* [Information supplied]:
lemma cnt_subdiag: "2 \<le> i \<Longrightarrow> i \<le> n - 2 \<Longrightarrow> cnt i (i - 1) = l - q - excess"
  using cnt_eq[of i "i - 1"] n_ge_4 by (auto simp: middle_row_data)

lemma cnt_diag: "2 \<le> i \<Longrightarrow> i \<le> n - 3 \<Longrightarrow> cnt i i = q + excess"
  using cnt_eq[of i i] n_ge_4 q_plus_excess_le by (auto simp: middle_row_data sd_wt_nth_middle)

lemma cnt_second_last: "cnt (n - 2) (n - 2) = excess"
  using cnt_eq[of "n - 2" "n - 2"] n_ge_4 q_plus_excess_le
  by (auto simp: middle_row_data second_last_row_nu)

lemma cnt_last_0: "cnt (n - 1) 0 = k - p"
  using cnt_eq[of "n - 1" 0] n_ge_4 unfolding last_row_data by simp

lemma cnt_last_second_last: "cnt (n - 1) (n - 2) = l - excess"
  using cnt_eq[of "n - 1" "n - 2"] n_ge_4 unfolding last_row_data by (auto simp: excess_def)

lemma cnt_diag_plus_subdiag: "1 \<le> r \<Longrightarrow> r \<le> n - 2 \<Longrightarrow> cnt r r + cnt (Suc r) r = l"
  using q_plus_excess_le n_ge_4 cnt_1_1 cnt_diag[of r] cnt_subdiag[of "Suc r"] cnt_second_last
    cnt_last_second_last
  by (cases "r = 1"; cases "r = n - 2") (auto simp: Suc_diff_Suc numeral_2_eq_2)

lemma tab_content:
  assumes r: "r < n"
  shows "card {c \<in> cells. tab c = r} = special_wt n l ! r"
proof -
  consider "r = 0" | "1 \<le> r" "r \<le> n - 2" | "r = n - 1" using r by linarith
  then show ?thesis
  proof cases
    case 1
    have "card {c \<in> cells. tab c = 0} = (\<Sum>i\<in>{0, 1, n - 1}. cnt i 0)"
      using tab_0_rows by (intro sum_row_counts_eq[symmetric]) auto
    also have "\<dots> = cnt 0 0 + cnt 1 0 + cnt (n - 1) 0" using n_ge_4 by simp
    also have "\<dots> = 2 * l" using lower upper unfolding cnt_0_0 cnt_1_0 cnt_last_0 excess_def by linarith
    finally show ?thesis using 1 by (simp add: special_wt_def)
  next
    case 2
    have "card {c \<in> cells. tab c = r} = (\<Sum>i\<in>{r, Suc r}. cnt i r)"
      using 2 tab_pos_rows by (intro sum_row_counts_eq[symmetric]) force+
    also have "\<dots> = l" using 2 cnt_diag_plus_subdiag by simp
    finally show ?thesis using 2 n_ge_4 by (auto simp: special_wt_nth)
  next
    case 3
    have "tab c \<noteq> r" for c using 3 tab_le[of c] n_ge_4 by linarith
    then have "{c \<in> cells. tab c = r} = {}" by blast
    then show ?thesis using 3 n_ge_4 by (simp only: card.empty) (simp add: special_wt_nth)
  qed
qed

--

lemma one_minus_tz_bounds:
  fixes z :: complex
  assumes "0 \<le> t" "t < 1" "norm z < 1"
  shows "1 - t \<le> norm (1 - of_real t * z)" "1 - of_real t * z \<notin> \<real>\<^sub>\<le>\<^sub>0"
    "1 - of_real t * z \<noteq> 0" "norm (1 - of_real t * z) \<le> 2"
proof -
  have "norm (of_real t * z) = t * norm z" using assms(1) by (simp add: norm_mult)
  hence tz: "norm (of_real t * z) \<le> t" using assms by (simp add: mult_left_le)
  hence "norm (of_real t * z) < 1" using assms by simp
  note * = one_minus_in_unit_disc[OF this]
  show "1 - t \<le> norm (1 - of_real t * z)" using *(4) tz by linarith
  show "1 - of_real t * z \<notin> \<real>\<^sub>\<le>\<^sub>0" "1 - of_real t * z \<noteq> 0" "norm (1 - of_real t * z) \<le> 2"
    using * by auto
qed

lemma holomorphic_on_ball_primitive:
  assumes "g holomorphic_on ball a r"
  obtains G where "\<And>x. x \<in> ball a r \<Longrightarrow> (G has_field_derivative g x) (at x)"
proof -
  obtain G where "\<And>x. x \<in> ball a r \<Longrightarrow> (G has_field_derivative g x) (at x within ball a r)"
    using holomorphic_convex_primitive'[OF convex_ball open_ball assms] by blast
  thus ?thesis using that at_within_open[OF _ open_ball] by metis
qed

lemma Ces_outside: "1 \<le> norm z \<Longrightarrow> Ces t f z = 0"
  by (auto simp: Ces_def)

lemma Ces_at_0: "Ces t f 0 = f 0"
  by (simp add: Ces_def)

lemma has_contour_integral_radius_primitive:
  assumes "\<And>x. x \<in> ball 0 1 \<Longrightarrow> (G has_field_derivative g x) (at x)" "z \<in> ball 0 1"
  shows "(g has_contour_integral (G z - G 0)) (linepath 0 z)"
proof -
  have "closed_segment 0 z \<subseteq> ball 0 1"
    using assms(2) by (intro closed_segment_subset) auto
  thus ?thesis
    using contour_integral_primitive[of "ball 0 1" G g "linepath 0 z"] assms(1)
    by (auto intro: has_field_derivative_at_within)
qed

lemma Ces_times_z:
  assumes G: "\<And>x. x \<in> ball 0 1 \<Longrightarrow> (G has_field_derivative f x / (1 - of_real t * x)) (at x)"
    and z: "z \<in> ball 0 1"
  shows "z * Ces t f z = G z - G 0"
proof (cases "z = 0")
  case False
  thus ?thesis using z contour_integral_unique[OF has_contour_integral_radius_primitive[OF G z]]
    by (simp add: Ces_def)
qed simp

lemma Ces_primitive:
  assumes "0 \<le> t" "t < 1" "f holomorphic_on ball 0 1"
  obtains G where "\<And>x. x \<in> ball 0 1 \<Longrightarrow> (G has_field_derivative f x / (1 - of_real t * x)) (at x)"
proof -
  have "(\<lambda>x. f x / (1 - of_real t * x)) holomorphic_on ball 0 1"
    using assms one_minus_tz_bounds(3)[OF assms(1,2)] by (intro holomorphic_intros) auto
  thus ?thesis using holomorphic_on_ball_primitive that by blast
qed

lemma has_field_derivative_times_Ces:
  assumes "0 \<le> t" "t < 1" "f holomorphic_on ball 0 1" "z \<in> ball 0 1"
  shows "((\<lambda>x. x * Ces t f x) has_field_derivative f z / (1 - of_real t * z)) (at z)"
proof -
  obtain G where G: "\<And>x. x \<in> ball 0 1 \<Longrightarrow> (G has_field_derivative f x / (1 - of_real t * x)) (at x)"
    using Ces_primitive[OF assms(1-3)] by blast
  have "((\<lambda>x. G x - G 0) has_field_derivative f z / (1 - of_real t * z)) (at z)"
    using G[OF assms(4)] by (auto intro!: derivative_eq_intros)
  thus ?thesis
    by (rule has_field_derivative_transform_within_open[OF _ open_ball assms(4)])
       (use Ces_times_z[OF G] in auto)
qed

---

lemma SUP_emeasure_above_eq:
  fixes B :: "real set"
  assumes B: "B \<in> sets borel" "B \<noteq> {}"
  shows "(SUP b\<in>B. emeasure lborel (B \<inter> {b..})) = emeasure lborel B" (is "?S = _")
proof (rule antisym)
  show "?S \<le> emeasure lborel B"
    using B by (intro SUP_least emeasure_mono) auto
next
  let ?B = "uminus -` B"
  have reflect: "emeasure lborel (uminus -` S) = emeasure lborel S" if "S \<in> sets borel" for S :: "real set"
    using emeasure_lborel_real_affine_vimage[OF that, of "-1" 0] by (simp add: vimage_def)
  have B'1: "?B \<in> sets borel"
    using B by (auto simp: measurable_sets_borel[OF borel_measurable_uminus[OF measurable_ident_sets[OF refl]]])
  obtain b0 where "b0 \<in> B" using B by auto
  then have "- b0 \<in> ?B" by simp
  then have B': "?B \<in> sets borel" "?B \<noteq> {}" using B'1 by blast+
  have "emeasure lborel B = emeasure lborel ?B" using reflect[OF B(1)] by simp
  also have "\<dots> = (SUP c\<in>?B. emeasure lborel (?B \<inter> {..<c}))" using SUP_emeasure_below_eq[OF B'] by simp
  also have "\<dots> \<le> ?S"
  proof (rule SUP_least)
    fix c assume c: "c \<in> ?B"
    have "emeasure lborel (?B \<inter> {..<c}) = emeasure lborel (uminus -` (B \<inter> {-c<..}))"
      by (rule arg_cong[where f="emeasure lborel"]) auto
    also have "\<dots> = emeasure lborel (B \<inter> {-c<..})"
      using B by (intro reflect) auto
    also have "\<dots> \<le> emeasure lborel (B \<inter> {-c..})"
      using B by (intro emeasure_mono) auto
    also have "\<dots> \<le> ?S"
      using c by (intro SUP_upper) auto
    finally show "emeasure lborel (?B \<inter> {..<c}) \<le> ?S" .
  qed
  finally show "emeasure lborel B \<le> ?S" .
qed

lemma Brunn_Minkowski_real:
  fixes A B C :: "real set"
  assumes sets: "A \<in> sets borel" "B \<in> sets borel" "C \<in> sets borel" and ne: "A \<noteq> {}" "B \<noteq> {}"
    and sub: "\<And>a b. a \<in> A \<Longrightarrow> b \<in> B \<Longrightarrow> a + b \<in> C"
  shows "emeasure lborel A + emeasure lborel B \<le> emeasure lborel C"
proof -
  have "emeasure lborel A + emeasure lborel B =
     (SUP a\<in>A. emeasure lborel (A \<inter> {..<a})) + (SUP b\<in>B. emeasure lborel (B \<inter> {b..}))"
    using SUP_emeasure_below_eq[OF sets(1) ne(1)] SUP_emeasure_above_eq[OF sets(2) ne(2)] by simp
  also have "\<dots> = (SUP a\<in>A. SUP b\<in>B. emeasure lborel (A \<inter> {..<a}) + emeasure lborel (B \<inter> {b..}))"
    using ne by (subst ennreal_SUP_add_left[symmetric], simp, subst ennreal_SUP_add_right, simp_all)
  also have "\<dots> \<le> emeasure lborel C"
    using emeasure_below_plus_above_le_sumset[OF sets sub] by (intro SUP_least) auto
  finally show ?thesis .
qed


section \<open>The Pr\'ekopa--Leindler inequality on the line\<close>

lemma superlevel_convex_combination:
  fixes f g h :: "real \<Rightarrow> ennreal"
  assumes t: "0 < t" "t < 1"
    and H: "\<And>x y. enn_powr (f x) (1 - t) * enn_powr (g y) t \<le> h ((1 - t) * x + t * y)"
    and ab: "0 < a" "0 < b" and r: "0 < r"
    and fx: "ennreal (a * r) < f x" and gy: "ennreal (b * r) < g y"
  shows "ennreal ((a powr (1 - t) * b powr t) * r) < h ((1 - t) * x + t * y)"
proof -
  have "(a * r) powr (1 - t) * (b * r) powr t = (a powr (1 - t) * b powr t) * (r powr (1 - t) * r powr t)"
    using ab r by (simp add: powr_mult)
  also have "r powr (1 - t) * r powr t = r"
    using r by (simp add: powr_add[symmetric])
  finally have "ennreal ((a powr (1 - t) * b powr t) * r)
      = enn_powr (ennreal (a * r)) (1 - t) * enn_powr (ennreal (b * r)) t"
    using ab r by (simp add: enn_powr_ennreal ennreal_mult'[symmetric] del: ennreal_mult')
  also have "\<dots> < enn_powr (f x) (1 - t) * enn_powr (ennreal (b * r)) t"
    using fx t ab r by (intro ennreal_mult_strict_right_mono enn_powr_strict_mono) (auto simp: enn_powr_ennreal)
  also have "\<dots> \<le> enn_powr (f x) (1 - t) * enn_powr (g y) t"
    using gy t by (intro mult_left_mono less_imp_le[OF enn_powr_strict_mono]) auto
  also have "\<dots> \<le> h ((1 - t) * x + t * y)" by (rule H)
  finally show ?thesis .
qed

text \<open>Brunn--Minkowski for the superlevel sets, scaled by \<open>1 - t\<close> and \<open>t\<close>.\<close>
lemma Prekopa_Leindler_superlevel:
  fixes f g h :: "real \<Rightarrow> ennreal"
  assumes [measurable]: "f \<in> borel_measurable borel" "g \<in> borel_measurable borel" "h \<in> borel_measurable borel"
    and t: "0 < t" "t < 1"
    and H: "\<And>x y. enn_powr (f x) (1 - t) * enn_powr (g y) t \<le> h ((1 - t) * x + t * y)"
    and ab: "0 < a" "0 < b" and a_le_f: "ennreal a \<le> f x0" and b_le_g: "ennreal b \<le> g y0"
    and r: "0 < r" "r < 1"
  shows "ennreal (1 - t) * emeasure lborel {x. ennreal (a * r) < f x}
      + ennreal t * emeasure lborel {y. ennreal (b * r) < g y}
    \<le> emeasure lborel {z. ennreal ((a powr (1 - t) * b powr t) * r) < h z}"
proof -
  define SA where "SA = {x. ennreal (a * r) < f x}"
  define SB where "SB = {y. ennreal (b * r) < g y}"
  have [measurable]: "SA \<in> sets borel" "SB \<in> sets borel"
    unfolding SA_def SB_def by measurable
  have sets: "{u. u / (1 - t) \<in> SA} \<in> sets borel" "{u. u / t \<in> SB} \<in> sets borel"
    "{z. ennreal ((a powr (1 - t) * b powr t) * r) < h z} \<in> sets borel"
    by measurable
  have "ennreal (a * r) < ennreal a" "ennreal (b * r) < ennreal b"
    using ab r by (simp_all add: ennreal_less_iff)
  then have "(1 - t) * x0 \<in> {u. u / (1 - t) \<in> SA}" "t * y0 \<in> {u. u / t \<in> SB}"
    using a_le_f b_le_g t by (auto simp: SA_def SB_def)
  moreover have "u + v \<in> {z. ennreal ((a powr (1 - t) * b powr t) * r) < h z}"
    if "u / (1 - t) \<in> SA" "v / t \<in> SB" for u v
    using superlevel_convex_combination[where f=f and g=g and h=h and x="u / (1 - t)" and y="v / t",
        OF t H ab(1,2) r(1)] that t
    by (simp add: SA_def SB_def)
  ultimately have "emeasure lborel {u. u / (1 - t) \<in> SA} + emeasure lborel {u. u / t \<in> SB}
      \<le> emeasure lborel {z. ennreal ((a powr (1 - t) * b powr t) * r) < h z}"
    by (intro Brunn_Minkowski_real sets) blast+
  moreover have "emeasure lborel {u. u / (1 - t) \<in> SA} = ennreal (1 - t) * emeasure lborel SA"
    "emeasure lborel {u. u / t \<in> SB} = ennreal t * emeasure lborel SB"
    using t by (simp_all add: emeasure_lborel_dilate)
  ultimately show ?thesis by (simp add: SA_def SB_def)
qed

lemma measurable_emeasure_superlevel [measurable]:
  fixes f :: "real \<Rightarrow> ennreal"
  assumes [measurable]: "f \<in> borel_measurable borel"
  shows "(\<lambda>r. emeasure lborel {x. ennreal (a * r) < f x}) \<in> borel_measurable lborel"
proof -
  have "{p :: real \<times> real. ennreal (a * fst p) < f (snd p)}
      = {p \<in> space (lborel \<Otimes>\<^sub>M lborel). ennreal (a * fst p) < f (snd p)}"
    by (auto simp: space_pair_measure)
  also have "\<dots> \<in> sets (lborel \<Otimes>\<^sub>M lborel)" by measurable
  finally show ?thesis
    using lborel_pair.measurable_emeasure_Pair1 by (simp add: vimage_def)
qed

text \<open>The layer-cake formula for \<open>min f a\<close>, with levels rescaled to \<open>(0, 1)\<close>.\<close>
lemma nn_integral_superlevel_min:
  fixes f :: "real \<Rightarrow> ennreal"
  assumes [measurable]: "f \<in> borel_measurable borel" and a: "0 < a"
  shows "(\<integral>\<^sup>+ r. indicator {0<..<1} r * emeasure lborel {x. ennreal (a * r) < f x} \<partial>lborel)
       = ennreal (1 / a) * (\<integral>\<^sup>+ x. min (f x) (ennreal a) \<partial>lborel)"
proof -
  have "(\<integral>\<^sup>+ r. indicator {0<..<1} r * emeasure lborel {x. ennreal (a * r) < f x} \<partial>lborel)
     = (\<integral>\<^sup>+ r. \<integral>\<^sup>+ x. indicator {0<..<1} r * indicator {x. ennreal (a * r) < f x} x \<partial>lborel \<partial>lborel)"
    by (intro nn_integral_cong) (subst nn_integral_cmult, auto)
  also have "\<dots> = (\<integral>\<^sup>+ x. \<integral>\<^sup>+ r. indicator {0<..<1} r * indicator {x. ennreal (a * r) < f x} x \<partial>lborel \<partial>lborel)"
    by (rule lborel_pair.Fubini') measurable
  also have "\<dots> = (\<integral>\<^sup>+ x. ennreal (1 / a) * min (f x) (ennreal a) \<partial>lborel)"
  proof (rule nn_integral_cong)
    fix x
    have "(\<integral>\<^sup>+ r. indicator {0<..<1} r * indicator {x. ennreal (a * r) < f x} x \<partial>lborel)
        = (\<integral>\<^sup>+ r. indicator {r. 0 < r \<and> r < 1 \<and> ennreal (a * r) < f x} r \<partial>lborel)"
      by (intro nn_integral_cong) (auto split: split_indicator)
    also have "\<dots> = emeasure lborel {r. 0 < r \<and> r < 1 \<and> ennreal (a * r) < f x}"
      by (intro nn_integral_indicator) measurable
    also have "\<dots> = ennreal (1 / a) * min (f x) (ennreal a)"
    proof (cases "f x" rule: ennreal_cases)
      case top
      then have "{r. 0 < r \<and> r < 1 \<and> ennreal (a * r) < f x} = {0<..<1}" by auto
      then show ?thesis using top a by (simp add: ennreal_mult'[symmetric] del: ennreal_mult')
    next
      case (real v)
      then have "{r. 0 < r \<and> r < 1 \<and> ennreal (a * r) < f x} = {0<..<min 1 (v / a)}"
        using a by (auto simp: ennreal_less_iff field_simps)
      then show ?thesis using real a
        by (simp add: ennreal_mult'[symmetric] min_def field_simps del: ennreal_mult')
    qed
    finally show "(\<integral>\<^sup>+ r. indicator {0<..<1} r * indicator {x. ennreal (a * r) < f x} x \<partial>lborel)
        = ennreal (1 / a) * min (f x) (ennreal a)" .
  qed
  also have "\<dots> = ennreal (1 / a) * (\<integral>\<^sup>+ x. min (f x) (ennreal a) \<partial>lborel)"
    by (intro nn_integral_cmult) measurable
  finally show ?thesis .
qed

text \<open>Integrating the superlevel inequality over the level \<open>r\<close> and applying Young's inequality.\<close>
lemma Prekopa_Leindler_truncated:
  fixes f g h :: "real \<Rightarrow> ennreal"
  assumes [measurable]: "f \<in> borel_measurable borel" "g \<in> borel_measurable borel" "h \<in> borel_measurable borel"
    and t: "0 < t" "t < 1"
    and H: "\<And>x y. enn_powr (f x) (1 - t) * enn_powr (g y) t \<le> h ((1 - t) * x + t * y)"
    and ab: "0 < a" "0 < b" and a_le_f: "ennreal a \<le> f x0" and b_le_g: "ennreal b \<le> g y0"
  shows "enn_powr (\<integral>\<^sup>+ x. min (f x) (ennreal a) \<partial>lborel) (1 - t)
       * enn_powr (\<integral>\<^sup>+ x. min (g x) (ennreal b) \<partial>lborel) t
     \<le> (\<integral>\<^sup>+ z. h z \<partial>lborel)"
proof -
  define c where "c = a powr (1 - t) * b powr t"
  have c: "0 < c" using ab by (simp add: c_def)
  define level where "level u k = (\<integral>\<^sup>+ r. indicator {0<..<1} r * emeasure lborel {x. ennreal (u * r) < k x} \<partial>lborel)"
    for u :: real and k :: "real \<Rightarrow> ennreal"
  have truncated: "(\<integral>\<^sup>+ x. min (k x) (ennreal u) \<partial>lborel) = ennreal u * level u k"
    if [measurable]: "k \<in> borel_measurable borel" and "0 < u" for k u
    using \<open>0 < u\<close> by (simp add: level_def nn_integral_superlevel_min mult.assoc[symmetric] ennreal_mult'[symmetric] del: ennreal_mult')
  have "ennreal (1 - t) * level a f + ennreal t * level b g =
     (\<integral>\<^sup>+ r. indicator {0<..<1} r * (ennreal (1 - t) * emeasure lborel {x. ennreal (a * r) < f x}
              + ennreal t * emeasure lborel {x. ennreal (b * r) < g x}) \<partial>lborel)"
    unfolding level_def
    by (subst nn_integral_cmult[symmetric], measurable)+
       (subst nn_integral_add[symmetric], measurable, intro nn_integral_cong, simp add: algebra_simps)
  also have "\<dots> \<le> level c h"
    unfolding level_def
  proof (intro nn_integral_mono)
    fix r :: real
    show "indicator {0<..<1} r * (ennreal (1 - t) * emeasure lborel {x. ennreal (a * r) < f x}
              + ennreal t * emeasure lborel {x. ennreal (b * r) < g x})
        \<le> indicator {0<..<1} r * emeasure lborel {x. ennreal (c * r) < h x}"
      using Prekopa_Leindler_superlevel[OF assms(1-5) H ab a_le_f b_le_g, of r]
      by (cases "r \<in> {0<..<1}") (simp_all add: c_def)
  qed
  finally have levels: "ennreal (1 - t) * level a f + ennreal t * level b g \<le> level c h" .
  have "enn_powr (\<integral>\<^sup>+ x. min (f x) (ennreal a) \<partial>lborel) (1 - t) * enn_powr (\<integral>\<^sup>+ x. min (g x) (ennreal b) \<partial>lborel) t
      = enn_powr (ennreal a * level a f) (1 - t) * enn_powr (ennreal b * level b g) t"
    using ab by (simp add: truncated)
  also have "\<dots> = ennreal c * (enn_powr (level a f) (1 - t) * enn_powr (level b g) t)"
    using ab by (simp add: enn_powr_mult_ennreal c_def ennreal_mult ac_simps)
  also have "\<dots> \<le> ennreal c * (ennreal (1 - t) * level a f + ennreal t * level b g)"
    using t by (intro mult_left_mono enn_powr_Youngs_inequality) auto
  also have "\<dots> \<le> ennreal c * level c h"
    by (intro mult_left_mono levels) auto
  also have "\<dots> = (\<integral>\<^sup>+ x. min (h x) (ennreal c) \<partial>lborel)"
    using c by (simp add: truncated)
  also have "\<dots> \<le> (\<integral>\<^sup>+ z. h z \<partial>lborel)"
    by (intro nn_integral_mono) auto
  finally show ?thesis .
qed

* [Assignment]: Transcribe the lines above between the line holding "tz by linarith" and the line holding "(at x within", inclusive, exactly as they stand and with nothing added.

* [Expected output]:
  show "1 - t \<le> norm (1 - of_real t * z)" using *(4) tz by linarith
  show "1 - of_real t * z \<notin> \<real>\<^sub>\<le>\<^sub>0" "1 - of_real t * z \<noteq> 0" "norm (1 - of_real t * z) \<le> 2"
    using * by auto
qed

lemma holomorphic_on_ball_primitive:
  assumes "g holomorphic_on ball a r"
  obtains G where "\<And>x. x \<in> ball a r \<Longrightarrow> (G has_field_derivative g x) (at x)"
proof -
  obtain G where "\<And>x. x \<in> ball a r \<Longrightarrow> (G has_field_derivative g x) (at x within ball a r)"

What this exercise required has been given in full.